OSPITI

Roy Hargrove

Roy Hargrove è nato il 16 ottobre 1969 a Waco, vicino a Dallas, nel Texas. Dalla sua terra ha ereditato il senso forte del blues (là concepito in modo più semplice, meno sofisticato che nel North East), l’amore per il gospel ed il r&b, ed ha recuperato l’esuberanza di un altro celebre Roy della tromba, il leggendario Eldridge, piccolino come lui, un altro “Little Jazz” , riassumendone la greve sensualità e la schietta addirittura sboccata espressività tipiche della più autentica musica afro-americana.

Grazie alla fulminante carriera, può essere considerato una specie di "giovane veterano", per quanto ha già fatto ed ottenuto: d’altronde comincia a suonare la cornetta a soli nove anni e, quindi, lascia di stucco Wynton Marsalis, che ascoltatolo in college a Fort Worth, lo prende subito sotto la sua protezione introducendolo negli ambienti del jazz professionistici.
Suona con alcuni jazzisti affermati come Ricky Ford, Frank Morgan e Bobby Watson e con i Superblue, con cui debutta su Blue Note e il Generations Sextet di Ralph Moore, diventando uno dei principali esponenti di un gruppo di giovani virtuosi talenti seguaci della poetica “tradizionalista” di Wynton Marsalis, denominati “Young Lions”, dove è al fianco di Wallace Rooney e Terence Blanchard.

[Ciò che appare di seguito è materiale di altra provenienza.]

(* Let $z = \frac{a + b\sqrt{-D}}{c} \in G_D(\mathbb{Q})$ where $\gcd(a,b) = 1$ and $c > 1$, and let $c = p_1^{\alpha_1} \cdots p_k^{\alpha_k}$ be the prime factorization of $c$. Then each $p_i$ is an odd prime with $\left(\frac{-D}{p_i}\right)=1$ (so $\zeta_{p_i}$ is defined), and $$z \ = \ \pm \zeta_{p_1}^{\pm \alpha_1}\cdots \zeta_{p_k}^{\pm \alpha_k},$$ where the signs of the exponents may be chosen independently.
   Context: Let $D>1$ be a square-free integer with $-D \equiv 2$ or $3 \pmod 4$, and assume the class group $C(-4D)$ of primitive positive-definite binary quadratic forms of discriminant $-4D$ is a free $\mathbb{Z}_2$-module, i.e. $C(-4D)\cong(\mathbb{Z}/2\mathbb{Z})^n$ for some $n\ge 0$. Let $G_D(\mathbb{Q}) := \{a + b\sqrt{-D} \in \mathbb{Q}[\sqrt{-D}] : a^2 + Db^2 = 1\}$, a group under multiplication. For each odd prime $q$ with Legendre symbol $\left(\frac{-D}{q}\right) = 1$, there exist unique positive integers $x_0, y_0$ with $\gcd(x_0,y_0)=1$ and $q^2 = x_0^2 + D y_0^2$; define $\zeta_q := \frac{x_0 + y_0\sqrt{-D}}{q} \in G_D(\mathbb{Q})$. *)

theory Defs
  imports "HOL-Number_Theory.Number_Theory" "HOL-Computational_Algebra.Squarefree" "HOL-Analysis.Analysis"
begin

type_synonym bqf = "int \<times> int \<times> int"

fun bqf_eval :: "bqf \<Rightarrow> int \<Rightarrow> int \<Rightarrow> int" where
  "bqf_eval (a, b, c) x y = a * x^2 + b * x * y + c * y^2"

fun bqf_disc :: "bqf \<Rightarrow> int" where
  "bqf_disc (a, b, c) = b^2 - 4 * a * c"

fun bqf_primitive :: "bqf \<Rightarrow> bool" where
  "bqf_primitive (a, b, c) = (gcd a (gcd b c) = 1)"

fun bqf_posdef :: "bqf \<Rightarrow> bool" where
  "bqf_posdef (a, b, c) = (a > 0 \<and> b^2 - 4 * a * c < 0)"

definition bqf_forms :: "int \<Rightarrow> bqf set" where
  "bqf_forms Delta = {f. bqf_disc f = Delta \<and> bqf_primitive f \<and> bqf_posdef f}"

definition bqf_equiv :: "bqf \<Rightarrow> bqf \<Rightarrow> bool" where
  "bqf_equiv f g = (\<exists>p q r s :: int. p * s - q * r = 1 \<and>
      (\<forall>x y. bqf_eval g x y = bqf_eval f (p * x + q * y) (r * x + s * y)))"

text \<open>Dirichlet composition (Cox, Lemma 3.2): if gcd(a,a',(b+b')/2) = 1, the composite of
  (a,b,c) and (a',b',c') of discriminant Delta is (aa', B, (B^2-Delta)/(4aa')) where
  B = b mod 2a, B = b' mod 2a', B^2 = Delta mod 4aa'.\<close>
definition dirichlet_comp :: "int \<Rightarrow> bqf \<Rightarrow> bqf \<Rightarrow> bqf \<Rightarrow> bool" where
  "dirichlet_comp Delta f g F = (case f of (a, b, c) \<Rightarrow> case g of (a', b', c') \<Rightarrow>
      even (b + b') \<and> gcd a (gcd a' ((b + b') div 2)) = 1 \<and>
      (\<exists>B. [B = b] (mod 2 * a) \<and> [B = b'] (mod 2 * a') \<and> [B^2 = Delta] (mod 4 * a * a') \<and>
           F = (a * a', B, (B^2 - Delta) div (4 * a * a'))))"

text \<open>The class group C(Delta) is an elementary abelian 2-group (i.e. isomorphic to (Z/2Z)^n;
  it is always finite abelian), i.e. the square of every class is the principal class.
  For Delta = -4D the principal form is x^2 + D y^2.\<close>
definition class_group_elem2 :: "int \<Rightarrow> bool" where
  "class_group_elem2 D = (\<forall>f \<in> bqf_forms (-4 * D). \<forall>f' F.
      bqf_equiv f f' \<and> dirichlet_comp (-4 * D) f' f' F \<longrightarrow> bqf_equiv F (1, 0, D))"

text \<open>Q(sqrt(-D)) embedded in C with sqrt(-D) = i * sqrt D.\<close>
definition G_D :: "int \<Rightarrow> complex set" where
  "G_D D = {of_real x + of_real y * \<i> * of_real (sqrt (of_int D)) | x y.
              x \<in> \<rat> \<and> y \<in> \<rat> \<and> x^2 + of_int D * y^2 = 1}"

definition zeta :: "int \<Rightarrow> int \<Rightarrow> complex" where
  "zeta D q = (case (THE (x0, y0). x0 > 0 \<and> y0 > 0 \<and> gcd x0 y0 = 1 \<and> q^2 = x0^2 + D * y0^2)
     of (x0, y0) \<Rightarrow> (of_int x0 + of_int y0 * \<i> * of_real (sqrt (of_int D))) / of_int q)"

end

theory Submission
  imports Defs
begin

text \<open>
  Since z lies on the norm-one torus, a^2 + D b^2 = c^2 with gcd(a, b) = 1. Hence every prime
  p dividing c is odd (because -D is 2 or 3 mod 4), prime to D (because D is squarefree), and
  -D is a square modulo p^2. If t^2 = -D mod p^2, the Dirichlet square of the form
  (p, 2t, (t^2 + D)/p) is a form with leading coefficient p^2; as the class group is
  2-torsion it is equivalent to x^2 + D y^2, which therefore represents p^2 properly,
  and the positive representation is unique. This is \<zeta>_p.

  Write \<alpha> = a + b\<surd>-D and \<pi> = x + y\<surd>-D with norm p^2. The imaginary parts of
  \<alpha> conj(\<pi>) and \<alpha> \<pi> have a product divisible by p^2 and sum 2bx, which p does
  not divide, so p^2 divides exactly one of these two products in \<int>[\<surd>-D]. Dividing
  it out writes \<alpha> = \<alpha>' \<pi>^(\<plusminus>1) with \<alpha>' primitive of norm (c/p)^2, and the
  same sign is forced for the remaining copies of p. Induction over the prime factorisation of c
  leaves a unit \<plusminus>1.
\<close>

section \<open>The ring \<int>[\<surd>-D] on pairs of integers\<close>

definition qi_mult :: "int \<Rightarrow> int \<times> int \<Rightarrow> int \<times> int \<Rightarrow> int \<times> int" where
  "qi_mult D z w = (fst z * fst w - D * snd z * snd w, fst z * snd w + snd z * fst w)"
lemma Exp_rate_le_candidate:
  assumes "finite_measure M" "h \<in> borel_measurable M" "U \<in> borel_measurable M"
    and "\<forall>\<omega>\<in>space M. 0 < h \<omega>" "integrable M h"
    and "0 < a" "0 < b" "0 < Ps" "0 < T" "0 < sigma2" "0 < lam" "0 < mu" "Pavg \<noteq> 0"
    and "Exp M h U (\<lambda>\<nu>. QNL a b Ps T (fst \<nu>) (Pstar a b Ps T sigma2 lam mu (fst \<nu>))
                                          (rhostar a b Ps T sigma2 lam mu (fst \<nu>))) = Q"
    and "Exp M h U (\<lambda>\<nu>. Pstar a b Ps T sigma2 lam mu (fst \<nu>)) = Pavg"
    and feasible: "feasible_P2 M h U a b Ps T Pavg Q P \<rho>"
  shows "Exp M h U (\<lambda>\<nu>. rate sigma2 (fst \<nu>) (P \<nu>) (\<rho> \<nu>))
    \<le> Exp M h U (\<lambda>\<nu>. rate sigma2 (fst \<nu>) (Pstar a b Ps T sigma2 lam mu (fst \<nu>))
                                          (rhostar a b Ps T sigma2 lam mu (fst \<nu>)))"
proof -
  interpret finite_measure M by fact
  have policy: "P \<in> borel_measurable borel" "\<rho> \<in> borel_measurable borel"
    "\<forall>\<omega>\<in>space M. 0 \<le> P (h \<omega>, U \<omega>) \<and> 0 \<le> \<rho> (h \<omega>, U \<omega>) \<and> \<rho> (h \<omega>, U \<omega>) \<le> 1"
    "integrable M (\<lambda>\<omega>. P (h \<omega>, U \<omega>))" "Exp M h U P \<le> Pavg"
    "Q \<le> Exp M h U (\<lambda>\<nu>. QNL a b Ps T (fst \<nu>) (P \<nu>) (\<rho> \<nu>))"
    using feasible unfolding feasible_P2_def by auto
  have state: "(\<lambda>\<omega>. (h \<omega>, U \<omega>)) \<in> M \<rightarrow>\<^sub>M (borel :: (real \<times> real) measure)"
    unfolding borel_prod[symmetric] using assms(2,3) by measurable
  define R where "R \<omega> = rate sigma2 (h \<omega>) (P (h \<omega>, U \<omega>)) (\<rho> (h \<omega>, U \<omega>))" for \<omega>
  define G where "G \<omega> = QNL a b Ps T (h \<omega>) (P (h \<omega>, U \<omega>)) (\<rho> (h \<omega>, U \<omega>))" for \<omega>
  define P' where "P' \<omega> = Pstar a b Ps T sigma2 lam mu (h \<omega>)" for \<omega>
  define \<rho>' where "\<rho>' \<omega> = rhostar a b Ps T sigma2 lam mu (h \<omega>)" for \<omega>
  define R' where "R' \<omega> = rate sigma2 (h \<omega>) (P' \<omega>) (\<rho>' \<omega>)" for \<omega>
  define G' where "G' \<omega> = QNL a b Ps T (h \<omega>) (P' \<omega>) (\<rho>' \<omega>)" for \<omega>
  have candidate: "P' \<in> borel_measurable M" "\<rho>' \<in> borel_measurable M"
    unfolding P'_def \<rho>'_def
    by (fact measurable_compose[OF assms(2) borel_measurable_Pstar]
        measurable_compose[OF assms(2) borel_measurable_rhostar])+
  have "integral\<^sup>L M R \<le> integral\<^sup>L M R'"
  proof (rule integral_le_of_lagrangian_le[where mu = mu and lam = lam
        and P = "\<lambda>\<omega>. P (h \<omega>, U \<omega>)" and G = G and P' = P' and G' = G'])
    show "integrable M G" unfolding G_def
      using assms(2) measurable_compose[OF state policy(1)] measurable_compose[OF state policy(2)]
      by (intro integrable_QNL[OF assms(6-9)])
    show "integrable M G'" unfolding G'_def
      using assms(2) candidate by (intro integrable_QNL[OF assms(6-9)])
    show "integrable M P'" unfolding P'_def by (rule integrable_Pstar[OF assms(15,13)])
    show "integrable M R'" unfolding R'_def P'_def \<rho>'_def
      using assms(2,4,5) by (rule integrable_rate_candidate) (use assms in auto)
    show "R \<omega> - mu * P (h \<omega>, U \<omega>) + lam * G \<omega> \<le> R' \<omega> - mu * P' \<omega> + lam * G' \<omega>"
      if "\<omega> \<in> space M" for \<omega>
      unfolding R_def G_def R'_def G'_def P'_def \<rho>'_def
      using that assms(4) policy(3) by (intro lagrangian_le_candidate) (use assms in auto)
    show "0 \<le> integral\<^sup>L M R'"
      using assms(4) rate_candidate_bounds(1)[OF assms(6-9,11,12,10)]
      unfolding R'_def P'_def \<rho>'_def by (auto intro!: integral_nonneg_AE)
    show "(\<integral>\<omega>. P (h \<omega>, U \<omega>) \<partial>M) \<le> integral\<^sup>L M P'"
      using policy(5) assms(15) unfolding Exp_def P'_def by simp
    show "integral\<^sup>L M G' \<le> integral\<^sup>L M G"
      using policy(6) assms(14) unfolding Exp_def G_def G'_def P'_def \<rho>'_def by simp
  qed (use policy(4) assms(11,12) in auto)
  then show ?thesis unfolding Exp_def R_def R'_def P'_def \<rho>'_def by simp
qed
(* C is a cluster (vertex) of the causal ordering graph CO(B) (for some run of
   Algorithm 1): either a singleton {w}, w \<in> W, or a cluster
   S'_F \<union> adj_{B'}(S'_F) added in some iteration. *)
definition co_cluster :: "'a set \<Rightarrow> 'a set \<Rightarrow> ('a \<times> 'a) set \<Rightarrow> 'a set \<Rightarrow> 'a set \<Rightarrow> bool" where
  "co_cluster V F E W C \<longleftrightarrow>
     (\<exists>w\<in>W. C = {w}) \<or>
     (\<exists>U SF. co_state V F E W U \<and> U \<noteq> {} \<and>
        minimal_self_contained (F \<inter> U) (induced_edges E U) SF \<and>
        C = SF \<union> adj (induced_edges E U) SF)"

(* edges of B_do(S_F,S_V), where the enumeration pairs f with \<sigma> f *)
definition do_edges :: "('a \<times> 'a) set \<Rightarrow> 'a set \<Rightarrow> ('a \<Rightarrow> 'a) \<Rightarrow> ('a \<times> 'a) set" where
  "do_edges E SF \<sigma> = {e \<in> E. snd e \<notin> SF} \<union> {(\<sigma> f, f) | f. f \<in> SF}"

end

theory Submission
  imports Defs
begin

text \<open>Once the two sides have equal size, a bipartite graph is self-contained exactly when its
  constraint side satisfies Hall's condition. Every state of Algorithm 1 satisfies Hall's condition,
  because each iteration removes a tight set of constraints together with its neighbourhood, and no
  state keeps a variable after discarding one of its constraints. After the intervention a set X of
  constraints splits into three parts: the part inside the cluster, matched injectively into the
  cluster variables; the part removed before the cluster was formed, whose neighbours lie outside
  the state at that time; and the part surviving the removal of the cluster. Their neighbourhoods
  are disjoint and each is large enough by Hall's condition at the corresponding stage.\<close>

definition hall_condition :: "('a \<times> 'a) set \<Rightarrow> 'a set \<Rightarrow> bool" where
  "hall_condition E X \<longleftrightarrow> (\<forall>Y\<subseteq>X. card Y \<le> card (adj E Y))"

lemma hall_conditionD: "hall_condition E X \<Longrightarrow> Y \<subseteq> X \<Longrightarrow> card Y \<le> card (adj E Y)"
  unfolding hall_condition_def by blast

lemma self_contained_set_iff:
  "self_contained_set F E S \<longleftrightarrow> S \<subseteq> F \<and> card S = card (adj E S) \<and> hall_condition E S"
  unfolding self_contained_set_def hall_condition_def by blast

lemma minimal_self_contained_self_contained:
  "minimal_self_contained F E S \<Longrightarrow> self_contained_set F E S"
  unfolding minimal_self_contained_def by blast

lemma finite_adj: "finite E \<Longrightarrow> finite (adj E X)"
proof -
  assume "finite E"
  have "adj E X \<subseteq> fst ` E \<union> snd ` E"
    unfolding adj_def by force
  then show ?thesis
    using \<open>finite E\<close> by (meson finite_Un finite_imageI finite_subset)
qed

lemma adj_Un: "adj E (X \<union> Y) = adj E X \<union> adj E Y"
  unfolding adj_def by blast

lemma adj_mono: "E \<subseteq> E' \<Longrightarrow> X \<subseteq> Y \<Longrightarrow> adj E X \<subseteq> adj E' Y"
  unfolding adj_def by blast

lemma adj_bipartite:
  assumes "E \<subseteq> V \<times> F" and "V \<inter> F = {}" and "X \<subseteq> F"
  shows "adj E X = {v. \<exists>x\<in>X. (v, x) \<in> E}"
  using assms unfolding adj_def by blast

lemma adj_bipartite_subset:
  "E \<subseteq> V \<times> F \<Longrightarrow> V \<inter> F = {} \<Longrightarrow> X \<subseteq> F \<Longrightarrow> adj E X \<subseteq> V"
  by (auto simp: adj_bipartite)

lemma induced_edges_subset: "E \<subseteq> A \<Longrightarrow> induced_edges E U \<subseteq> A"
  unfolding induced_edges_def by blast

lemma induced_edges_mono: "U \<subseteq> U' \<Longrightarrow> induced_edges E U \<subseteq> induced_edges E U'"
  unfolding induced_edges_def by blast

lemma induced_edges_induced_edges [simp]:
  "induced_edges (induced_edges E A) B = induced_edges E (A \<inter> B)"
  unfolding induced_edges_def by blast

lemma finite_induced_edges: "finite E \<Longrightarrow> finite (induced_edges E U)"
  unfolding induced_edges_def by simp

lemma induced_edges_Diff_subset:
  "E \<subseteq> V \<times> F \<Longrightarrow> induced_edges E ((V \<union> F) - W) \<subseteq> (V - W) \<times> F"
  unfolding induced_edges_def by blast

lemma adj_induced_edges_subset: "adj (induced_edges E U) X \<subseteq> U"
  unfolding adj_def induced_edges_def by blast

lemma do_edges_subset:
  "E \<subseteq> V \<times> F \<Longrightarrow> SF \<subseteq> F \<Longrightarrow> \<sigma> ` SF \<subseteq> V \<Longrightarrow> do_edges E SF \<sigma> \<subseteq> V \<times> F"
  unfolding do_edges_def by blast

lemma adj_induced_do_edges:
  assumes "E \<subseteq> V \<times> F" and "V \<inter> F = {}" and "X \<subseteq> F"
    and "SF \<subseteq> F \<inter> U" and "\<sigma> ` SF \<subseteq> V \<inter> U"
  shows "adj (induced_edges (do_edges E SF \<sigma>) U) X
    = \<sigma> ` (X \<inter> SF) \<union> adj (induced_edges E U) (X - SF)"
proof -
  have "induced_edges (do_edges E SF \<sigma>) U \<subseteq> V \<times> F"
    using assms by (intro induced_edges_subset do_edges_subset) auto
  then have "adj (induced_edges (do_edges E SF \<sigma>) U) X
      = {v. \<exists>x\<in>X. (v, x) \<in> induced_edges (do_edges E SF \<sigma>) U}"
    using assms(2,3) by (rule adj_bipartite)
  moreover have "adj (induced_edges E U) (X - SF) = {v. \<exists>x\<in>X - SF. (v, x) \<in> induced_edges E U}"
    using induced_edges_subset[OF assms(1)] assms(2) by (rule adj_bipartite) (use assms(3) in blast)
  moreover have "(v, x) \<in> induced_edges (do_edges E SF \<sigma>) U \<longleftrightarrow>
      v \<in> U \<and> x \<in> U \<and> ((v, x) \<in> E \<and> x \<notin> SF \<or> x \<in> SF \<and> v = \<sigma> x)" for v x
    unfolding do_edges_def induced_edges_def by auto
  ultimately show ?thesis
    using assms(4,5) unfolding induced_edges_def by blast
qed

lemma card_Un_le_card_Un_disjoint:
  assumes "finite B" and "finite B'" and "B \<inter> B' = {}"
    and "card A \<le> card B" and "card A' \<le> card B'"
  shows "card (A \<union> A') \<le> card (B \<union> B')"
  using card_Un_le[of A A'] card_Un_disjoint[OF assms(1-3)] assms(4,5) by linarith
lemma ick_theory_ICK_extD: "ick_theory T \<Longrightarrow> a \<in> ICK_ext \<Gamma> \<Longrightarrow> a \<in> T"
  unfolding ick_theory_def by blast

lemma ick_theory_ICK_ext_mp: "ick_theory T \<Longrightarrow> Imp a b \<in> ICK_ext \<Gamma> \<Longrightarrow> a \<in> T \<Longrightarrow> b \<in> T"
  unfolding ick_theory_def by blast

lemma ick_theory_Conj_iff: "ick_theory T \<Longrightarrow> Conj a b \<in> T \<longleftrightarrow> a \<in> T \<and> b \<in> T"
  using ick_theory_ICK_ext_mp[OF _ ICK_conjunct1] ick_theory_ICK_ext_mp[OF _ ICK_conjunct2]
    ick_theory_mp[OF _ ick_theory_ICK_ext_mp[OF _ ICK_conjI]]
  by blast

lemma ick_theory_ICK_ext: "ick_theory (ICK_ext \<Gamma>)"
  unfolding ick_theory_def using ICK_ext.mp by blast

lemma prime_theory_Disj_iff: "prime_theory T \<Longrightarrow> Disj a b \<in> T \<longleftrightarrow> a \<in> T \<or> b \<in> T"
  unfolding prime_theory_def using ick_theory_ICK_ext_mp ICK_disjI1 ICK_disjI2 by blast

lemma ick_theory_imp_closure:
  assumes T: "ick_theory T"
  shows "ick_theory {c. Imp a c \<in> T}" and "T \<subseteq> {c. Imp a c \<in> T}" and "a \<in> {c. Imp a c \<in> T}"
proof -
  show "ick_theory {c. Imp a c \<in> T}"
    unfolding ick_theory_def
    using ick_theory_ICK_extD[OF T ICK_imp_K] ick_theory_mp[OF T ick_theory_ICK_ext_mp[OF T ICK_S]]
    by blast
  show "T \<subseteq> {c. Imp a c \<in> T}" using ick_theory_ICK_ext_mp[OF T ICK_K] by blast
  show "a \<in> {c. Imp a c \<in> T}" using ick_theory_ICK_extD[OF T ICK_imp_refl] by blast
qed
(* For any two strongly connected weighted directed graphs $G_R,G_M$ on the same vertex set $V$ and any $r>0$, $$f_{G_R,G_M}(r)\le 1-f_{G_M,G_R}\!\left(\tfrac1r\right),$$ where $f_{A,B}(s)$ denotes the fixation probability of the two-graph Moran process with resident graph $A$, mutant graph $B$, and mutant relative fitness $s$.
   Context: Two-graph Moran process: vertex set $V=\{1,\dots,n\}$; resident graph $G_R=(V,E_R)$ and mutant graph $G_M=(V,E_M)$, strongly connected, with row-stochastic weight matrices $W_R=[w^R_{ij}]$, $W_M=[w^M_{ij}]$ ($w^R_{ij}>0$ iff $(i,j)\in E_R$, similarly for $M$). The state is the mutant set $S$; residents have fitness $1$, mutants fitness $r>0$. Each step a vertex $i$ is chosen with probability proportional to fitness; if $i$ is a mutant, it picks $j$ with probability $w^M_{ij}$ and $j$ becomes a mutant; if a resident, it picks $j$ with probability $w^R_{ij}$ and $j$ becomes a resident. Absorption at $S=\emptyset$ (extinction) or $S=V$ (fixation). The fixation probability $f_{G_R,G_M}(r)=\frac1n\sum_{u\in V}f(\{u\})$, where $f(S)$ is the probability of fixation starting from mutant set $S$. *)

theory Defs
  imports Complex_Main
begin

text \<open>Vertices are the elements of a finite type 'v (so V = UNIV, n = CARD('v)).
  A weight matrix is a function 'v => 'v => real.\<close>

definition row_stochastic :: "('v::finite \<Rightarrow> 'v \<Rightarrow> real) \<Rightarrow> bool" where
  "row_stochastic W \<longleftrightarrow> (\<forall>i j. 0 \<le> W i j) \<and> (\<forall>i. (\<Sum>j\<in>UNIV. W i j) = 1)"

definition edges :: "('v \<Rightarrow> 'v \<Rightarrow> real) \<Rightarrow> ('v \<times> 'v) set" where
  "edges W = {(i, j). 0 < W i j}"

definition strongly_connected :: "('v \<Rightarrow> 'v \<Rightarrow> real) \<Rightarrow> bool" where
  "strongly_connected W \<longleftrightarrow> (\<forall>i j. (i, j) \<in> (edges W)\<^sup>*)"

Il primo album sotto suo nome è “Diamond in the Rough”, dell’89 per la RCA Novus. Seguono “Public Eye” (‘90), “The Vibe” (‘92), “Tokio Sessions” (live del ‘91), “Beauty And The Best” (‘92) e “Of Kindred Of Soul” (live del ‘93). La sua musica è modellata sulla falsariga di quella di Marsalis: nulla di trasgressivo, ma un hard bop modernizzato, tirato a lucido e impeccabile tecnicamente, purissimo e orgogliosamente tradizionale, caldo e trascinante.

Il suono aperto, schietto e rotondo, il senso intuitivo della forma e della calibratura delle parti in ogni assolo, hanno palesemente come modello Freddie Hubbard, oltre a Lee Morgan, Kenny Dorham e Blue Mitchell. Contemporaneamente Roy insiste sull’interpretazione delle ballad, nelle quali riesce ad espletare una liricità sempre più sciolta e sicura. È però una perfezione che sa troppo di maniera quindi Hargrove decide di sublimare il suo solismo nell’ambito di progetti più ambiziosi: per esempio, nel settembre del ‘96 costituisce una big band di 18 elementi che si esibisce a New York per un anno.
Passato alla casa discografica Verve incide “The Roy Hargrove Quintet with the Tenors of Our Time” (‘94), “Family” (‘95) e “Parker Mood” (‘95), in trio senza batteria, dove interpreta Parker. Inizia poi una importante collaborazione con il pianista cubano Chuco Valdés, formando i Crisol (crogiolo), con cui inciderà “Habana” nel ‘97, uno di suoi lavori più maturi che gli farà vincere il Grammy Award nel ‘98, incontrando l’esuberanza e la poliritmicità della musica cubana. Nel frattempo continua ad esibirsi con il suo rodato quintetto. “Moment To Moment” uscito nel 2000, ricorda il celebre “with strings” del ‘55 di Clifford Brown: la formula suggestiva è quella del solista sostenuto da una sezione d’archi che esegue arrangiamenti pastosi e discreti su bellissime e romantiche ballad, esaltando la morbidezza di suono, la pacatezza e rilassatezza dell’atmosfera.